What needs to be done | Go through the data below. Pull out every line that has the word "rule".

Saved data entries:
(* The graph $K_{10}-3K_2$ has a triangular embedding in an orientable surface, and the octahedral graph $O_{10}$ has orientable genus $\lceil (4\cdot 2)/3\rceil = 3$.
   Context: $K_{10}-3K_2$ is $K_{10}$ with the 3 edges of a matching removed. $O_{10}$ is $K_{10}$ with the edges of a perfect matching removed. An embedding is triangular if it is cellular and every face is bounded by a closed walk of length 3. *)

theory Defs
  imports Complex_Main
begin

text \<open>Orientable (cellular) embeddings are described combinatorially by
  rotation systems (Heffter--Edmonds--Ringel): for each vertex v a cyclic permutation
  of its neighbours. Faces are the orbits of the face-tracing permutation on darts
  (u,v) \<mapsto> (v, \<rho> v u); the genus of the embedding is obtained from Euler's formula
  V - E + F = 2 - 2g (graphs considered here are connected).\<close>

definition simple_graph :: "'a set \<Rightarrow> 'a set set \<Rightarrow> bool" where
  "simple_graph V E \<longleftrightarrow> finite V \<and> (\<forall>e\<in>E. e \<subseteq> V \<and> card e = 2)"

definition nbrs :: "'a set set \<Rightarrow> 'a \<Rightarrow> 'a set" where
  "nbrs E v = {u. {u, v} \<in> E \<and> u \<noteq> v}"

definition darts :: "'a set set \<Rightarrow> ('a \<times> 'a) set" where
  "darts E = {(u, v). {u, v} \<in> E \<and> u \<noteq> v}"

definition rotation_system :: "'a set \<Rightarrow> 'a set set \<Rightarrow> ('a \<Rightarrow> 'a \<Rightarrow> 'a) \<Rightarrow> bool" where
  "rotation_system V E \<rho> \<longleftrightarrow>
     (\<forall>v\<in>V. bij_betw (\<rho> v) (nbrs E v) (nbrs E v) \<and>
       (\<forall>u\<in>nbrs E v. \<forall>w\<in>nbrs E v. \<exists>k. (\<rho> v ^^ k) u = w))"

definition face_step :: "('a \<Rightarrow> 'a \<Rightarrow> 'a) \<Rightarrow> 'a \<times> 'a \<Rightarrow> 'a \<times> 'a" where
  "face_step \<rho> d = (snd d, \<rho> (snd d) (fst d))"

definition face_orbit :: "('a \<Rightarrow> 'a \<Rightarrow> 'a) \<Rightarrow> 'a \<times> 'a \<Rightarrow> ('a \<times> 'a) set" where
  "face_orbit \<rho> d = {(face_step \<rho> ^^ k) d | k. True}"

definition faces :: "'a set set \<Rightarrow> ('a \<Rightarrow> 'a \<Rightarrow> 'a) \<Rightarrow> ('a \<times> 'a) set set" where
  "faces E \<rho> = face_orbit \<rho> ` darts E"

definition emb_genus :: "'a set \<Rightarrow> 'a set set \<Rightarrow> ('a \<Rightarrow> 'a \<Rightarrow> 'a) \<Rightarrow> nat" where
  "emb_genus V E \<rho> =
     nat ((2 - int (card V) + int (card E) - int (card (faces E \<rho>))) div 2)"

definition has_triangular_orientable_embedding :: "'a set \<Rightarrow> 'a set set \<Rightarrow> bool" where
  "has_triangular_orientable_embedding V E \<longleftrightarrow>
     (\<exists>\<rho>. rotation_system V E \<rho> \<and> (\<forall>f\<in>faces E \<rho>. card f = 3))"

definition orientable_genus :: "'a set \<Rightarrow> 'a set set \<Rightarrow> nat" where
  "orientable_genus V E = (LEAST g. \<exists>\<rho>. rotation_system V E \<rho> \<and> emb_genus V E \<rho> = g)"

definition K_edges :: "nat \<Rightarrow> nat set set" where
  "K_edges n = {{u, v} | u v. u < n \<and> v < n \<and> u \<noteq> v}"

definition K10_minus_3K2_edges :: "nat set set" where
  "K10_minus_3K2_edges = K_edges 10 - {{0,1},{2,3},{4,5}}"

definition O10_edges :: "nat set set" where
  "O10_edges = K_edges 10 - {{0,1},{2,3},{4,5},{6,7},{8,9}}"

end

theory Submission
  imports Defs "HOL-Combinatorics.Cycles" "HOL-Combinatorics.Orbits"
begin

(* Both embeddings are given by explicit rotation systems, with the rotation at a vertex
   encoded as the cyclic permutation of a list of its neighbours.  Face tracing shows that
   every face of the first one is a triangle; for the second one it exhibits 26 faces
   (24 triangles and 2 quadrilaterals), hence genus (2 - 10 + 40 - 26) / 2 = 3.
   Conversely, in a simple graph of minimum degree 2 every face has at least three darts,
   so any embedding of O_10 has 3 F <= 2 E = 80, i.e. F <= 26, and Euler's formula gives
   genus at least 3. *)

lemma map_funpow_eq_rotate:
  assumes "map f xs = rotate1 xs"
  shows "map (f ^^ n) xs = rotate n xs"
proof (induction n)
  case (Suc n)
  have "map (f ^^ Suc n) xs = map f (rotate n xs)"
    by (simp flip: Suc)
  also have "\<dots> = rotate (Suc n) xs"
    by (simp add: assms rotate1_rotate_swap flip: rotate_map)
  finally show ?case .
qed simp

lemma iterates_eq_set_if_map_eq_rotate1:
  assumes "map f xs = rotate1 xs" and "x \<in> set xs"
  shows "{(f ^^ n) x | n. True} = set xs"
proof -
  obtain i where i: "i < length xs" "x = xs ! i" using assms(2) by (metis in_set_conv_nth)
  have iter: "(f ^^ n) x = xs ! ((n + i) mod length xs)" for n
    using map_funpow_eq_rotate[OF assms(1), of n] i by (metis length_map nth_map nth_rotate)
  show ?thesis
  proof (intro set_eqI iffI)
    fix y assume "y \<in> {(f ^^ n) x | n. True}"
    then obtain n where "y = (f ^^ n) x" by blast
    moreover have "(n + i) mod length xs < length xs" using i(1) by (auto intro: mod_less_divisor)
    ultimately show "y \<in> set xs" using iter by simp
  next
    fix y assume "y \<in> set xs"
    then obtain j where j: "j < length xs" "y = xs ! j" by (metis in_set_conv_nth)
    have "(j + length xs - i + i) mod length xs = j" using i j by simp
    then have "(f ^^ (j + length xs - i)) x = y" using iter j by simp
    then show "y \<in> {(f ^^ n) x | n. True}" by blast
  qed
qed
lemma N_le_2: "N \<le> 2"
proof (rule ccontr)
  assume "\<not> N \<le> 2"
  then have N: "0 < N" "1 < N" "2 < N"
    by auto
  obtain z where z: "\<And>i. i < N \<Longrightarrow> z i \<in> A i \<and> infinite (component (z i))"
    using exists_infinite_component by metis
  obtain T where T: "Max (len ` z ` {..<N}) \<le> rho T"
    using rho_unbounded by blast
  have "infinite (A 0 - {x \<in> carrier G. len x \<le> T})"
    using A_infinite[OF N(1)] finite_len_le by (rule Diff_infinite_finite[rotated])
  then obtain g where "g \<in> A 0 - {x \<in> carrier G. len x \<le> T}"
    using infinite_imp_nonempty by blast
  then have g: "g \<in> A 0" "g \<in> carrier G" "T < len g"
    using A_carrier[OF N(1)] by auto
  have z_short: "len (z i) \<le> rho (len g)" if "i < N" for i
  proof -
    have "len (z i) \<le> Max (len ` z ` {..<N})"
      using that by (intro Max_ge) auto
    also have "\<dots> \<le> rho (len g)"
      using T rho_monoD[of T "len g"] g(3) by simp
    finally show ?thesis .
  qed
  obtain i j where ij: "i < N" "j < N" "i \<noteq> j" "inv g \<notin> A i" "inv g \<notin> A j"
    using exists_two_avoiding N(3) by blast
  define C where "C k = g <# component (z k)" for k
  have "finite (A 0 - C i)" "finite (A 0 - C j)"
    using cofinite_l_coset_component[OF N(1) g(1)] ij z z_short unfolding C_def by auto
  moreover have "C i \<inter> C j = {}"
    using disjoint_l_coset_components ij z g(2) unfolding C_def by blast
  then have "A 0 \<subseteq> (A 0 - C i) \<union> (A 0 - C j)"
    by blast
  ultimately have "finite (A 0)"
    by (meson finite_UnI finite_subset)
  then show False
    using A_infinite[OF N(1)] by simp
qed

end
lemma indep_var_others:
  assumes "i \<in> {1..n}" "l \<in> {i, n+1}"
  shows "indep_var (PiM ({1..n} - {i}) (\<lambda>_. Data)) (others i)
    (PiM {0} (\<lambda>_. Data)) (\<lambda>\<omega>. at_zero (Z l \<omega>))"
proof -
  have "indep_var (PiM ({1..n} - {i}) (\<lambda>_. Data)) (others i)
      (PiM {l} (\<lambda>_. Data)) (\<lambda>\<omega>. restrict (\<lambda>j. Z j \<omega>) {l})"
    unfolding others_def using assms by (intro indep_var_restrict[OF indep]) auto
  moreover have "(\<lambda>f. at_zero (f l)) \<in> PiM {l} (\<lambda>_. Data) \<rightarrow>\<^sub>M PiM {0} (\<lambda>_. Data)"
    by (rule measurable_compose[OF measurable_component_singleton measurable_at_zero]) simp
  ultimately have "indep_var (PiM ({1..n} - {i}) (\<lambda>_. Data)) (id \<circ> others i)
      (PiM {0} (\<lambda>_. Data)) ((\<lambda>f. at_zero (f l)) \<circ> (\<lambda>\<omega>. restrict (\<lambda>j. Z j \<omega>) {l}))"
    by (intro indep_var_compose) auto
  then show ?thesis by (simp add: comp_def)
qed

lemma mix_tail_others_fun_upd:
  "mix_tail K q s n ((others i \<omega>)(i := z)) t = mix_tail K q s n ((\<lambda>l. Z l \<omega>)(i := z)) t"
  by (rule mix_tail_cong) (simp add: others_def)

lemma measurable_others [measurable]: "others i \<in> M \<rightarrow>\<^sub>M PiM ({1..n} - {i}) (\<lambda>_. Data)"
  unfolding others_def by (rule measurable_restrict) (auto intro: measurable_Z)
text \<open>The complexification \<open>g x = f x - i f (i x)\<close> of a real functional; the constant \<open>2\<close>
  (instead of the optimal \<open>1\<close>) avoids the rotation argument.\<close>
lemma complex_hahn_banach_nonzero:
  fixes x0 :: "'a::complex_banach"
  assumes "x0 \<noteq> 0"
  obtains g :: "'a \<Rightarrow> complex" where "\<And>x y. g (x + y) = g x + g y"
    "\<And>c x. g (scaleC c x) = c * g x" "\<And>x. cmod (g x) \<le> 2 * norm x" "g x0 \<noteq> 0"
proof -
  obtain f :: "'a \<Rightarrow> real" where f_add: "\<And>x y. f (x + y) = f x + f y"
    and f_scaleR: "\<And>r x. f (r *\<^sub>R x) = r * f x" and f_le: "\<And>x. f x \<le> norm x"
    and f_x0: "f x0 = norm x0"
    using real_hahn_banach_norming[of x0] by blast
  have f_abs: "\<bar>f x\<bar> \<le> norm x" for x
    using f_le[of x] f_le[of "(-1) *\<^sub>R x"] f_scaleR[of "-1" x] by simp
  have f_scaleC: "f (scaleC c x) = Re c * f x + Im c * f (scaleC \<i> x)" for c x
    by (subst scaleC_Re_Im) (simp add: f_add f_scaleR)
  define g where "g x = Complex (f x) (- f (scaleC \<i> x))" for x
  show ?thesis
  proof
    show "g (x + y) = g x + g y" for x y
      unfolding g_def by (simp add: scaleC_add_right f_add complex_eq_iff)
  next
    fix c x
    have "f (scaleC \<i> (scaleC c x)) = - Im c * f x + Re c * f (scaleC \<i> x)"
      using f_scaleC[of "\<i> * c" x] by (simp add: scaleC_scaleC)
    with f_scaleC[of c x] show "g (scaleC c x) = c * g x"
      unfolding g_def by (simp add: complex_eq_iff algebra_simps)
  next
    fix x
    have "cmod (g x) \<le> \<bar>f x\<bar> + \<bar>f (scaleC \<i> x)\<bar>"
      using cmod_le[of "g x"] unfolding g_def by simp
    also have "\<dots> \<le> norm x + norm (scaleC \<i> x)" using f_abs by (simp add: add_mono)
    finally show "cmod (g x) \<le> 2 * norm x" by (simp add: norm_scaleC)
  next
    show "g x0 \<noteq> 0" unfolding g_def using f_x0 assms by (simp add: complex_eq_iff)
  qed
qed
lemma induced_W_le:
  assumes x: "x \<in> \<Omega>"
  shows "induced_W x \<le> ennreal (W x + bW * (1 + tail_const * Vplus x * powr_series))"
  unfolding induced_W_def
proof (rule suminf_le_const[OF summableI])
  fix J
  have "(\<Sum>k<J. entrance P G (\<lambda>y. ennreal (W y)) k x) \<le> (\<Sum>k<Suc J. entrance P G (\<lambda>y. ennreal (W y)) k x)"
    by (rule sum_mono2) auto
  also have "\<dots> \<le> (\<Sum>j<J. entrance P G (\<lambda>y. ennreal (W y)) (Suc j) x) + avoiding P G (\<lambda>y. ennreal (W y)) J x"
    by (subst sum.lessThan_Suc_shift) simp
  also have "\<dots> \<le> ennreal (W x) + ennreal bW * (\<Sum>j<J. survival P G j x)"
    by (rule entrance_sum_drift[OF G_in_sets _ P_W_le x]) measurable
  also have "\<dots> \<le> ennreal (W x) + ennreal bW * ennreal (1 + tail_const * Vplus x * powr_series)"
    by (intro add_left_mono mult_left_mono sum_survival_G_le[OF x]) auto
  also have "\<dots> = ennreal (W x + bW * (1 + tail_const * Vplus x * powr_series))"
    using W_nonneg[OF x] bW tail_const_Vplus_ge_1[of x] powr_series_nonneg
    by (simp add: ennreal_mult[symmetric] ennreal_plus[symmetric] del: ennreal_plus)
  finally show "(\<Sum>k<J. entrance P G (\<lambda>y. ennreal (W y)) k x) \<le> \<dots>" .
qed

lemma survival_C_tail:
  "\<exists>K\<ge>0. \<forall>x\<in>\<Omega>. \<forall>n\<ge>1.
     survival P C n x \<le> ennreal (K * (max 1 (W x) + max 1 (V x)) * real n powr (- g))"
proof -
  define q where "q = (2 / theta) powr g"
  define B where "B = inner_const * (1 - theta) powr (- g)"
  define K where "K = tail_const * (1 + q) * level_const + B + B * bW
    + B * bW * tail_const * powr_series * level_const"
  have q: "0 \<le> q" and B: "0 \<le> B"
    unfolding q_def B_def using inner_const_nonneg by auto
  have K: "0 \<le> K"
    unfolding K_def using q B bW tail_const_ge level_const_ge powr_series_nonneg by simp
  have "survival P C n x \<le> ennreal (K * (max 1 (W x) + max 1 (V x)) * real n powr (- g))"
    if x: "x \<in> \<Omega>" and n: "1 \<le> n" for x n
  proof -
    define S where "S = max 1 (W x) + max 1 (V x)"
    define r where "r = real n powr (- g)"
    have r: "0 \<le> r" unfolding r_def by simp
    have W: "0 \<le> W x" "W x \<le> S" and S: "1 \<le> S"
      unfolding S_def using W_nonneg[OF x] by auto
    have Vp: "0 \<le> Vplus x" "Vplus x \<le> level_const * S"
      using Vplus_ge_1[of x] Vplus_le[of x] level_const_ge
      by (auto simp: S_def intro: order_trans[OF _ mult_left_mono])
    have "survival P C n x \<le> ennreal (tail_const * Vplus x * (1 + q) * r) + ennreal (B * r) * induced_W x"
      using survival_C_le[OF x n] survival_C_from_G unfolding q_def B_def r_def by (simp add: ac_simps)
    also have "\<dots> \<le> ennreal (tail_const * Vplus x * (1 + q) * r)
        + ennreal (B * r) * ennreal (W x + bW * (1 + tail_const * Vplus x * powr_series))"
      by (intro add_left_mono mult_left_mono induced_W_le[OF x]) auto
    also have "\<dots> = ennreal (r * (tail_const * (1 + q) * Vplus x + B * W x + B * bW
        + B * bW * tail_const * powr_series * Vplus x))"
      using q B r W Vp bW tail_const_ge powr_series_nonneg
      by (simp add: ennreal_mult[symmetric] ennreal_plus[symmetric] algebra_simps del: ennreal_plus)
    also have "\<dots> \<le> ennreal (r * (K * S))"
    proof (intro ennreal_leI mult_left_mono[OF _ r])
      have "tail_const * (1 + q) * Vplus x \<le> tail_const * (1 + q) * (level_const * S)"
        using Vp q tail_const_ge by (intro mult_left_mono) auto
      moreover have "B * bW * tail_const * powr_series * Vplus x
          \<le> B * bW * tail_const * powr_series * (level_const * S)"
        using Vp B bW tail_const_ge powr_series_nonneg by (intro mult_left_mono) auto
      moreover have "B * W x \<le> B * S"
        using W B by (intro mult_left_mono) auto
      moreover have "B * bW \<le> B * bW * S"
        using mult_left_mono[of 1 S "B * bW"] S B bW by simp
      moreover have "K * S = tail_const * (1 + q) * (level_const * S) + B * S + B * bW * S
          + B * bW * tail_const * powr_series * (level_const * S)"
        unfolding K_def by (simp add: algebra_simps)
      ultimately show "tail_const * (1 + q) * Vplus x + B * W x + B * bW
          + B * bW * tail_const * powr_series * Vplus x \<le> K * S"
        by linarith
    qed
    finally show ?thesis unfolding S_def r_def by (simp add: ac_simps)
  qed
  with K show ?thesis by blast
qed
(* Let $N\ge1$ and let $\mathcal{A}=\prod_{n=1}^N\mathcal{A}_n$ be a finite set of reservation vectors. Let $C(a,b)=C_R(a)+C_V(a,b)+C_T(a,b)$ be the total cost of reservation $a\in\mathcal{A}$ under job request vector $b$, and assume there is $\Theta>0$ such that $|C_R(a)|\le\Theta$, $|C_T(a,b)|\le\Theta$ and $|C_V(a,b)|\le\Theta$ for all reservations $a\in\mathcal{A}$ and all job request vectors $b$. Fix a horizon $T>0$, take $\eta=\sqrt{\log|\mathcal{A}|/T}$, and let $b^1,\dots,b^T$ be any sequence of job request vectors. Run the exponentially weighted strategy: at each $t=1,\dots,T$ the reservation $A^t$ is drawn at random (independently given the past draws) from the distribution $P^t$ on $\mathcal{A}$ given by $$w^t(a)=\exp\Big\{-\eta\sum_{s=1}^{t-1}C(a,b^s)\Big\},\qquad P^t_a=\frac{w^t(a)}{\sum_{a'\in\mathcal{A}}w^t(a')}.$$ Define the regret $R_T=\sum_{t=1}^TC(A^t,b^t)-\min_{a\in\mathcal{A}}\sum_{t=1}^TC(a,b^t)$. Then for any $0<\delta<1$, with probability at least $1-\delta$, $$R_T\le\Big(\frac{9\Theta^2}{8}+1\Big)\sqrt{T\log|\mathcal{A}|}+3\Theta\sqrt{\tfrac12\log(\delta^{-1})\,T}.$$
   Context: Setting: a network of $N$ servers; at each time slot $t$ an administrator chooses a reservation vector $a=(a_1,\dots,a_N)\in\mathcal{A}$ (with $\mathcal{A}_n$ the finite set of possible reservation levels at server $n$) before observing the job requests $b=(b_1,\dots,b_N)$; jobs may then be transferred between servers. With positive functions $f^R_n,f^V_n,f^T_{n,m}$, the costs are $C_R(a)=\sum_{n}f^R_n(a_n)$, $C_V(a,b)=\sum_n f^V_n\big(b_n-a_n-\sum_{m}\delta_{n,m}\big)$, $C_T(a,b)=\sum_n\sum_{m\ne n}f^T_{n,m}(\delta_{n,m})$, where the transfer amounts $\delta_{n,m}=\delta_{n,m}(a,b)$ are an optimal solution of $\min\sum_n\big(\sum_{m\ne n}f^T_{n,m}(\delta_{n,m})+f^V_n(b_n-a_n-\sum_{m\ne n}\delta_{n,m})\big)$ subject to $\delta_{n,m}\le\min\{(b_n-a_n)^+,(a_m-b_m)^+\}$ for all $n\ne m$. The probability is over the random draws $A^1,\dots,A^T$. *)

theory Defs
  imports "HOL-Analysis.Analysis"
begin

text \<open>Servers are indexed by 0..<N. Reservation and request vectors are functions nat => real
(only their values on 0..<N matter). A transfer plan is d :: nat => nat => real, d n m being the
amount moved from server n to server m.\<close>

type_synonym vec = "nat \<Rightarrow> real"
type_synonym transfer = "nat \<Rightarrow> nat \<Rightarrow> real"

definition res_set :: "nat \<Rightarrow> (nat \<Rightarrow> real set) \<Rightarrow> vec set" where
  "res_set N Alev = PiE {..<N} Alev"

definition cost_R :: "nat \<Rightarrow> (nat \<Rightarrow> real \<Rightarrow> real) \<Rightarrow> vec \<Rightarrow> real" where
  "cost_R N fR a = (\<Sum>n<N. fR n (a n))"

definition cost_V_of :: "nat \<Rightarrow> (nat \<Rightarrow> real \<Rightarrow> real) \<Rightarrow> vec \<Rightarrow> vec \<Rightarrow> transfer \<Rightarrow> real" where
  "cost_V_of N fV a b d = (\<Sum>n<N. fV n (b n - a n - (\<Sum>m\<in>{..<N} - {n}. d n m)))"

definition cost_T_of :: "nat \<Rightarrow> (nat \<Rightarrow> nat \<Rightarrow> real \<Rightarrow> real) \<Rightarrow> transfer \<Rightarrow> real" where
  "cost_T_of N fT d = (\<Sum>n<N. \<Sum>m\<in>{..<N} - {n}. fT n m (d n m))"

definition feasible_transfer :: "nat \<Rightarrow> vec \<Rightarrow> vec \<Rightarrow> transfer \<Rightarrow> bool" where
  "feasible_transfer N a b d \<longleftrightarrow>
     (\<forall>n<N. \<forall>m<N. n \<noteq> m \<longrightarrow> d n m \<le> min (max (b n - a n) 0) (max (a m - b m) 0))"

Response area |
proof (rule ccontr)
    using A_infinite[OF N(1)] finite_len_le by (rule Diff_infinite_finite[rotated])
    by (rule measurable_compose[OF measurable_component_singleton measurable_at_zero]) simp
  by (rule mix_tail_cong) (simp add: others_def)
  unfolding others_def by (rule measurable_restrict) (auto intro: measurable_Z)
proof (rule suminf_le_const[OF summableI])
    by (rule sum_mono2) auto
    by (rule entrance_sum_drift[OF G_in_sets _ P_W_le x]) measurable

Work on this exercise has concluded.